Para especialistas, o posicionamento do STJ é um refinamento jurisprudencial e mostra que a corte terá mais rigor com o compartilhamento ou a venda de dados sensíveis sem a anuência dos titulares.
As empresas gestoras de bancos de dados seguem a Lei do Cadastro Positivo, que lhes permite, por exemplo, compartilhar o score de crédito sem consentimento do titular, mas não outras informações. Já empresas de outros ramos, que não têm regulamentação específica, estão submetidas, em geral, à Lei Geral de Proteção de Dados Pessoais (LGPD).
Em suma, o compartilhamento, sem autorização do titular, de dados bancários, informações sensíveis, comportamentos de consumo (como em farmácias), histórico de buscas e situações semelhantes gera dever de indenizar. A diferença é que, nos casos em que há violação da LGPD, o dano moral não é presumido, conforme a atual jurisprudência.
A LGPD estabelece dez bases legais para o tratamento de dados. O consentimento do titular é apenas uma delas, ao lado de execução de contrato, proteção da vida, cumprimento de obrigação legal, entre outras.

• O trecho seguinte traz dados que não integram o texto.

lemma openin_CO_top_tube:
  assumes X: "compact_space X" "Hausdorff_space X"
    and L: "compactin (prod_topology X T) L" and W: "openin (prod_topology Y T) W"
  shows "openin (CO_top X x0 Y y0) {f \<in> based_maps X x0 Y y0. \<forall>p\<in>L. (f (fst p), snd p) \<in> W}"
    (is "openin ?CO ?S")
  unfolding openin_subopen[of ?CO ?S]
proof
  fix f assume f: "f \<in> ?S"
  define \<G> where "\<G> = {G. openin (prod_topology X T) G \<and>
      (\<exists>\<O>. openin ?CO \<O> \<and> f \<in> \<O> \<and> (\<forall>g\<in>\<O>. \<forall>p\<in>G. (g (fst p), snd p) \<in> W))}"
  have "L \<subseteq> \<Union>\<G>"
  proof
    fix p assume p: "p \<in> L"
    have fb: "f \<in> based_maps X x0 Y y0" and x: "fst p \<in> topspace X" and fp: "(f (fst p), snd p) \<in> W"
      using compactin_subset_topspace[OF L] f p by auto
    obtain N V \<O> where "openin X N" "openin T V" "fst p \<in> N" "snd p \<in> V" "openin ?CO \<O>"
      "f \<in> \<O>" "\<And>g x' t'. g \<in> \<O> \<Longrightarrow> x' \<in> N \<Longrightarrow> t' \<in> V \<Longrightarrow> (g x', t') \<in> W"
      using CO_top_tube_local[OF X fb W x fp] by metis
    then have "N \<times> V \<in> \<G>" "p \<in> N \<times> V"
      by (auto simp: \<G>_def openin_prod_Times_iff mem_Times_iff)
    then show "p \<in> \<Union>\<G>" by blast
  qed
  moreover have "\<forall>G\<in>\<G>. openin (prod_topology X T) G"
    by (simp add: \<G>_def)
  ultimately obtain \<F> where \<F>: "finite \<F>" "\<F> \<subseteq> \<G>" "L \<subseteq> \<Union>\<F>"
    using L[unfolded compactin_def, THEN conjunct2, rule_format, of \<G>] by blast
  then have ex: "\<forall>G\<in>\<F>. \<exists>\<O>. openin ?CO \<O> \<and> f \<in> \<O> \<and> (\<forall>g\<in>\<O>. \<forall>p\<in>G. (g (fst p), snd p) \<in> W)"
    by (auto simp: \<G>_def)
  obtain \<O> where \<O>: "\<forall>G\<in>\<F>. openin ?CO (\<O> G) \<and> f \<in> \<O> G \<and>
      (\<forall>g\<in>\<O> G. \<forall>p\<in>G. (g (fst p), snd p) \<in> W)"
    using bchoice[OF ex] by blast
  show "\<exists>\<O>'. openin ?CO \<O>' \<and> f \<in> \<O>' \<and> \<O>' \<subseteq> ?S"
  proof (intro exI conjI)
    show "openin ?CO ((\<Inter>G\<in>\<F>. \<O> G) \<inter> topspace ?CO)"
      using \<F>(1) \<O> by (intro openin_INT) auto
    show "f \<in> (\<Inter>G\<in>\<F>. \<O> G) \<inter> topspace ?CO"
      using f \<O> by (auto simp: topspace_CO_top)
    show "(\<Inter>G\<in>\<F>. \<O> G) \<inter> topspace ?CO \<subseteq> ?S"
      using \<O> \<F>(3) by (fastforce simp: topspace_CO_top)
  qed
qed

lemma smash_id_map_image_subset_iff:
  assumes f: "f \<in> based_maps X x0 Y y0" and K: "K \<subseteq> topspace (smash_top X x0 T t0)"
  shows "smash_id_map X x0 Y y0 T t0 f ` K \<subseteq> V \<longleftrightarrow>
         (\<forall>x\<in>topspace X. \<forall>t\<in>topspace T. collapse_cls (smash_base X x0 T t0) (x, t) \<in> K \<longrightarrow>
              collapse_cls (smash_base Y y0 T t0) (f x, t) \<in> V)"
proof -
  have fc: "continuous_map X Y f" and f0: "f x0 = y0"
    using f by (auto simp: based_maps_def based_map_def)
  have "smash_id_map X x0 Y y0 T t0 f ` K \<subseteq> V \<longleftrightarrow>
        (\<forall>x\<in>topspace X. \<forall>t\<in>topspace T. collapse_cls (smash_base X x0 T t0) (x, t) \<in> K \<longrightarrow>
           smash_id_map X x0 Y y0 T t0 f (collapse_cls (smash_base X x0 T t0) (x, t)) \<in> V)"
    using K by (auto simp: topspace_smash_top)
  then show ?thesis
    by (simp add: smash_id_map_collapse[OF fc f0])
qed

“Sempre que houver compartilhamento de dados fora dessas hipóteses legais, configura-se ato ilícito, gerando o dever de indenizar, desde que comprovado o dano”, explica Felipe Carteiro, sócio de Direito Digital do escritório Rayes e Fagundes.
Ou seja, “o simples fato de não haver consentimento não significa, por si, violação da lei”, como aponta André Catta Preta Federighi, advogado que atua com Proteção de Dados no escritório Tortoro, Madureira & Ragazzi Advogados. Se houver outro fundamento legal adequado, é possível tratar e até compartilhar dados.
O problema é quando nenhuma das dez hipóteses pode ser verificada. Nesses casos, o tratamento de dados é considerado indevido e a empresa responde de forma objetiva — ou seja, independentemente de culpa — pelos danos causados. Para isso, basta a comprovação da ação, do dano e da relação entre as duas coisas (nexo causal).
Assim, a lógica do julgamento recente do STJ se aplica a quaisquer empresas que não seguem os limites legais. “Sempre que uma empresa compartilhar dados de alguém sem o consentimento e sem outra base legal válida, estará cometendo um ilícito passível de reparação civil”, diz Federighi.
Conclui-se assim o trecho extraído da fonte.